This Year, Love and Death Go Hand in Hand on Valentine’s Day

Eugene Diamond spent Tuesday morning dipping strawberries into chocolate at his family’s sweet shop in a small town outside Kansas City. It was the day before Valentine’s Day, and all things chocolate were in high demand.

For Mr. Diamond, a practicing Catholic, another deadline was also looming: This year, Valentine’s Day happens to fall on Ash Wednesday, customarily devoted to penitence and fasting. Starting that day, Mr. Diamond, his wife and eight children will be giving up sweets until Easter, which falls this year on March 31.

Mr.
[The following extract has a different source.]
(* Let $F$ be an admissible fundamental matrix on $J$ and $g\in Y$. Then for every $a\in J$, $\mathcal L_F^{-1}(a,g)\in C^2((-1,1)\setminus\{0\})\cap C^1(-1,1)$ and \[ \mathcal L_F(a,\mathcal L_F^{-1}(a,g))(y)=g(y) \] for all $(y,a)\in((-1,1)\setminus\{0\})\times J$.
   Context: Notation: $A^j{}_k$ is the entry in row $j$, column $k$; a prime denotes $\partial_y$; $\varphi(y,\alpha):=-\frac{2\alpha}{(1-y)^2}+\frac{2\alpha}{1-y}-\frac{2}{\alpha}\log(1-y)$; each occurrence of $\mathcal P(y)$ denotes some polynomial in $y$ with complex coefficients independent of $a$ (different occurrences may differ). Let $a_*\in\mathbb{R}\setminus\{0\}$, $J\subset\mathbb{R}\setminus\{-a_*\}$ compact. An admissible right fundamental matrix $F_R(y,a)$, $(y,a)\in[0,1)\times J$, is the real $4\times4$ matrix with $j$-th column $(\Re f_j,\Im f_j,\Re f_j',\Im f_j')^T(y,a)$, where $\det F_R\neq0$ on $[0,1)\times J$ and $f_1=1+\frac{a_*+a+i}{2(a_*+a)}(1-y)+(1-y)^2\mathcal P(y)$, $f_2=i+i\frac{a_*+a+i}{2(a_*+a)}(1-y)+(1-y)^2\mathcal P(y)$, $f_3=e^{i\varphi(y,a_*+a)}(1-y)[1+\frac{2(a_*+a)-i}{2(a_*+a)}(1-y)+(1-y)^2\mathcal P(y)]+e^{-i\varphi(y,a_*+a)}(1-y)^5\mathcal P(y)$, $f_4=ie^{i\varphi(y,a_*+a)}(1-y)[1+\frac{2(a_*+a)-i}{2(a_*+a)}(1-y)+(1-y)^2\mathcal P(y)]+ie^{-i\varphi(y,a_*+a)}(1-y)^5\mathcal P(y)$. An admissible left fundamental matrix $F_L(y)$, $y\in(-1,0]$, is the real $4\times4$ matrix with columns $(\Re g_j,\Im g_j,\Re g_j',\Im g_j')^T$, $\det F_L\neq0$ on $(-1,0]$, $g_1=1+(1+y)\mathcal P(y)$, $g_2=i+(1+y)\mathcal P(y)$, $g_3=\frac{1}{1+y}[1+(1+y)\mathcal P(y)]$, $g_4=\frac{i}{1+y}[1+(1+y)\mathcal P(y)]$. With $M_F(a):=F_L(0)^{-1}F_R(0,a)$, the admissible fundamental matrix on $J$ is $F(y,a):=F_L(y)M_F(a)$ for $y\in(-1,0]$, $F(y,a):=F_R(y,a)$ for $y\in(0,1)$, assuming $M_F(a)^3{}_1\neq0$ for all $a\in J$. Coefficients: on $((-1,1)\setminus\{0\})\times J$ let $A:=-\partial_yF\,F^{-1}$, $p_1=\frac12(A^3{}_3+A^4{}_4)+\frac i2(A^4{}_3-A^3{}_4)$, $p_2=\frac12(A^3{}_3-A^4{}_4)+\frac i2(A^4{}_3+A^3{}_4)$, $q_1=\frac12(A^3{}_1+A^4{}_2)+\frac i2(A^4{}_1-A^3{}_2)$, $q_2=\frac12(A^3{}_1-A^4{}_2)+\frac i2(A^4{}_1+A^3{}_2)$. For $f\in C^2$ on an open subset of $(-1,1)\setminus\{0\}$: $\mathcal L_F(a,f)(y):=f''(y)+p_1(y,a)f'(y)+p_2(y,a)\overline{f'(y)}+q_1(y,a)f(y)+q_2(y,a)\overline{f(y)}$. $Y$ is the space of $f\in C(-1,1)$ with $(1+y)(1-y)^2f(y)$ extending continuously to $[-1,1]$. For $g\in Y$: $\alpha_F^k(a,g)(y):=F^{-1}(y,a)^k{}_3\Re g(y)+F^{-1}(y,a)^k{}_4\Im g(y)$ ($F^{-1}(y,a)^k{}_\ell$ the $(k,\ell)$ entry of $F(y,a)^{-1}$), and \begin{align*} \mathcal L_F^{-1}(a,g)(y):=&\sum_{k=1}^2[F(y,a)^1{}_k+iF(y,a)^2{}_k]\int_{-1}^y\alpha_F^k(a,g)(x)dx-\sum_{k=3}^4[F(y,a)^1{}_k+iF(y,a)^2{}_k]\int_y^1\alpha_F^k(a,g)(x)dx\\ &+[F(y,a)^1{}_1+iF(y,a)^2{}_1]\sum_{k=3}^4\frac{M_F(a)^3{}_k}{M_F(a)^3{}_1}\int_{-1}^1\alpha_F^k(a,g)(x)dx. \end{align*} *)

theory Defs
  imports "HOL-Analysis.Analysis" "HOL-Computational_Algebra.Polynomial"
begin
Diamond, 39, taste-tested the sweets at the shop on Tuesday to prepare. “I’ve got to try these today because I’m not going to have a chance to try them tomorrow,” he said.

Ash Wednesday is the first day of Lent, a season marked by sacrifice and solemnity. At church services across the country, clergy members will smudge crosses on parishioners’ foreheads, murmuring, “Remember you are dust, and to dust you shall return.”

The day is meant to serve as a reminder of human mortality, the start of a season that contrasts with and culminates in the joyful celebration of Easter. Practicing Catholics forgo meat on Ash Wednesday, and the church also asks people aged 18 to 59 to eat just one full meal, plus two smaller ones “that together are not equal to a full meal.”

That makes it a tough match with Valentine’s Day, a celebration of romantic love often marked with rich foods, wine and candy.